**What to work on:** In the material below, find every line containing "noteq" and copy that line.

##### Dataset content

(* Let $(\mathbf M,\tau)$ be a state BL-algebra. Then: (1) If $\tau$ is faithful (i.e. $\mathrm{Ker}(\tau)=\{1\}$), then $(\mathbf M,\tau)$ is a subdirectly irreducible state BL-algebra if and only if $\tau(\mathbf M)$ is a subdirectly irreducible BL-algebra. Suppose now that $(\mathbf M,\tau)$ is subdirectly irreducible. Then: (2) $\mathrm{Ker}(\tau)$ is either the trivial hoop $\{1\}$ or a subdirectly irreducible hoop; (3) $\mathrm{Ker}(\tau)$ and $\tau(M)$ have the disjunction property, i.e. for all $x\in \mathrm{Ker}(\tau)$ and $y\in\tau(M)$, if $x\vee y=1$ then $x=1$ or $y=1$.
   Context: A BL-algebra is an algebra $\mathbf M=(M;\wedge,\vee,\odot,\to,0,1)$ of type $\langle 2,2,2,2,0,0\rangle$ such that $(M;\wedge,\vee,0,1)$ is a bounded lattice, $(M;\odot,1)$ is a commutative monoid, and for all $a,b,c$: $c\le a\to b$ iff $a\odot c\le b$; $a\wedge b=a\odot(a\to b)$; $(a\to b)\vee(b\to a)=1$. A filter of $\mathbf M$ is a nonempty $F\subseteq M$ closed under $\odot$ and upward closed. A state-operator on $\mathbf M$ is a map $\tau:M\to M$ such that for all $x,y$: $\tau(0)=0$; $\tau(x\to y)=\tau(x)\to\tau(x\wedge y)$; $\tau(x\odot y)=\tau(x)\odot\tau(x\to(x\odot y))$; $\tau(\tau(x)\odot\tau(y))=\tau(x)\odot\tau(y)$; $\tau(\tau(x)\to\tau(y))=\tau(x)\to\tau(y)$. The pair $(\mathbf M,\tau)$ is a state BL-algebra (an algebra with the extra unary operation $\tau$). A $\tau$-filter is a filter $F$ with $\tau(F)\subseteq F$; congruences of $(\mathbf M,\tau)$ correspond bijectively to $\tau$-filters (via $x\sim_F y$ iff $x\to y,y\to x\in F$), so $(\mathbf M,\tau)$ is subdirectly irreducible iff it has a least $\tau$-filter different from $\{1\}$. $\mathrm{Ker}(\tau)=\{a\in M:\tau(a)=1\}$; $\tau$ is faithful if $\mathrm{Ker}(\tau)=\{1\}$. The image $\tau(M)$ is a subalgebra of $\mathbf M$ (a BL-algebra, denoted $\tau(\mathbf M)$), and $\mathrm{Ker}(\tau)$ is closed under $\odot,\to$ and contains $1$, hence is a hoop; a filter of this hoop is a nonempty subset closed under $\odot$ and upward closed in $\mathrm{Ker}(\tau)$, and the hoop is subdirectly irreducible if it has a least filter different from $\{1\}$. *)

theory Defs
  imports Main
begin

record 'a bl_alg =
  bl_carrier :: "'a set"
  bl_meet :: "'a \<Rightarrow> 'a \<Rightarrow> 'a"
  bl_join :: "'a \<Rightarrow> 'a \<Rightarrow> 'a"
  bl_prod :: "'a \<Rightarrow> 'a \<Rightarrow> 'a"
  bl_imp  :: "'a \<Rightarrow> 'a \<Rightarrow> 'a"
  bl_zero :: 'a
  bl_one  :: 'a

definition bl_le :: "('a, 'b) bl_alg_scheme \<Rightarrow> 'a \<Rightarrow> 'a \<Rightarrow> bool" where
  "bl_le A x y \<longleftrightarrow> bl_meet A x y = x"

definition bl_algebra :: "('a, 'b) bl_alg_scheme \<Rightarrow> bool" where
  "bl_algebra A \<longleftrightarrow>
     (let M = bl_carrier A; mt = bl_meet A; jn = bl_join A; pr = bl_prod A;
          im = bl_imp A; z = bl_zero A; u = bl_one A in
      z \<in> M \<and> u \<in> M \<and>
      (\<forall>x\<in>M. \<forall>y\<in>M. mt x y \<in> M \<and> jn x y \<in> M \<and> pr x y \<in> M \<and> im x y \<in> M) \<and>
      \<comment> \<open>bounded lattice\<close>
      (\<forall>x\<in>M. \<forall>y\<in>M. mt x y = mt y x \<and> jn x y = jn y x) \<and>
      (\<forall>x\<in>M. \<forall>y\<in>M. \<forall>w\<in>M. mt (mt x y) w = mt x (mt y w) \<and> jn (jn x y) w = jn x (jn y w)) \<and>
      (\<forall>x\<in>M. \<forall>y\<in>M. mt x (jn x y) = x \<and> jn x (mt x y) = x) \<and>
      (\<forall>x\<in>M. mt z x = z \<and> mt x u = x) \<and>
      \<comment> \<open>commutative monoid\<close>
      (\<forall>x\<in>M. \<forall>y\<in>M. \<forall>w\<in>M. pr (pr x y) w = pr x (pr y w)) \<and>
      (\<forall>x\<in>M. \<forall>y\<in>M. pr x y = pr y x) \<and>
      (\<forall>x\<in>M. pr x u = x) \<and>
      \<comment> \<open>residuation, divisibility, prelinearity\<close>
      (\<forall>a\<in>M. \<forall>b\<in>M. \<forall>c\<in>M. bl_le A c (im a b) \<longleftrightarrow> bl_le A (pr a c) b) \<and>
      (\<forall>a\<in>M. \<forall>b\<in>M. mt a b = pr a (im a b)) \<and>
      (\<forall>a\<in>M. \<forall>b\<in>M. jn (im a b) (im b a) = u))"

definition state_operator :: "('a, 'b) bl_alg_scheme \<Rightarrow> ('a \<Rightarrow> 'a) \<Rightarrow> bool" where
  "state_operator A \<tau> \<longleftrightarrow>
     (let M = bl_carrier A; mt = bl_meet A; pr = bl_prod A; im = bl_imp A in
      \<tau> ` M \<subseteq> M \<and>
      \<tau> (bl_zero A) = bl_zero A \<and>
      (\<forall>x\<in>M. \<forall>y\<in>M. \<tau> (im x y) = im (\<tau> x) (\<tau> (mt x y))) \<and>
      (\<forall>x\<in>M. \<forall>y\<in>M. \<tau> (pr x y) = pr (\<tau> x) (\<tau> (im x (pr x y)))) \<and>
      (\<forall>x\<in>M. \<forall>y\<in>M. \<tau> (pr (\<tau> x) (\<tau> y)) = pr (\<tau> x) (\<tau> y)) \<and>
      (\<forall>x\<in>M. \<forall>y\<in>M. \<tau> (im (\<tau> x) (\<tau> y)) = im (\<tau> x) (\<tau> y)))"

definition state_bl_algebra :: "('a, 'b) bl_alg_scheme \<Rightarrow> ('a \<Rightarrow> 'a) \<Rightarrow> bool" where
  "state_bl_algebra A \<tau> \<longleftrightarrow> bl_algebra A \<and> state_operator A \<tau>"

definition filter_in :: "('a, 'b) bl_alg_scheme \<Rightarrow> 'a set \<Rightarrow> 'a set \<Rightarrow> bool" where
  "filter_in A S F \<longleftrightarrow> F \<subseteq> S \<and> F \<noteq> {} \<and>
     (\<forall>x\<in>F. \<forall>y\<in>F. bl_prod A x y \<in> F) \<and>
     (\<forall>x\<in>F. \<forall>y\<in>S. bl_le A x y \<longrightarrow> y \<in> F)"

definition bl_filter :: "('a, 'b) bl_alg_scheme \<Rightarrow> 'a set \<Rightarrow> bool" where
  "bl_filter A F \<longleftrightarrow> filter_in A (bl_carrier A) F"

definition tau_filter :: "('a, 'b) bl_alg_scheme \<Rightarrow> ('a \<Rightarrow> 'a) \<Rightarrow> 'a set \<Rightarrow> bool" where
  "tau_filter A \<tau> F \<longleftrightarrow> bl_filter A F \<and> \<tau> ` F \<subseteq> F"

definition has_least_nontrivial :: "('a set \<Rightarrow> bool) \<Rightarrow> 'a \<Rightarrow> bool" where
  "has_least_nontrivial P u \<longleftrightarrow>
     (\<exists>F. P F \<and> F \<noteq> {u} \<and> (\<forall>G. P G \<and> G \<noteq> {u} \<longrightarrow> F \<subseteq> G))"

##########

**Answer to the exercise:**
  "filter_in A S F \<longleftrightarrow> F \<subseteq> S \<and> F \<noteq> {} \<and>
     (\<exists>F. P F \<and> F \<noteq> {u} \<and> (\<forall>G. P G \<and> G \<noteq> {u} \<longrightarrow> F \<subseteq> G))"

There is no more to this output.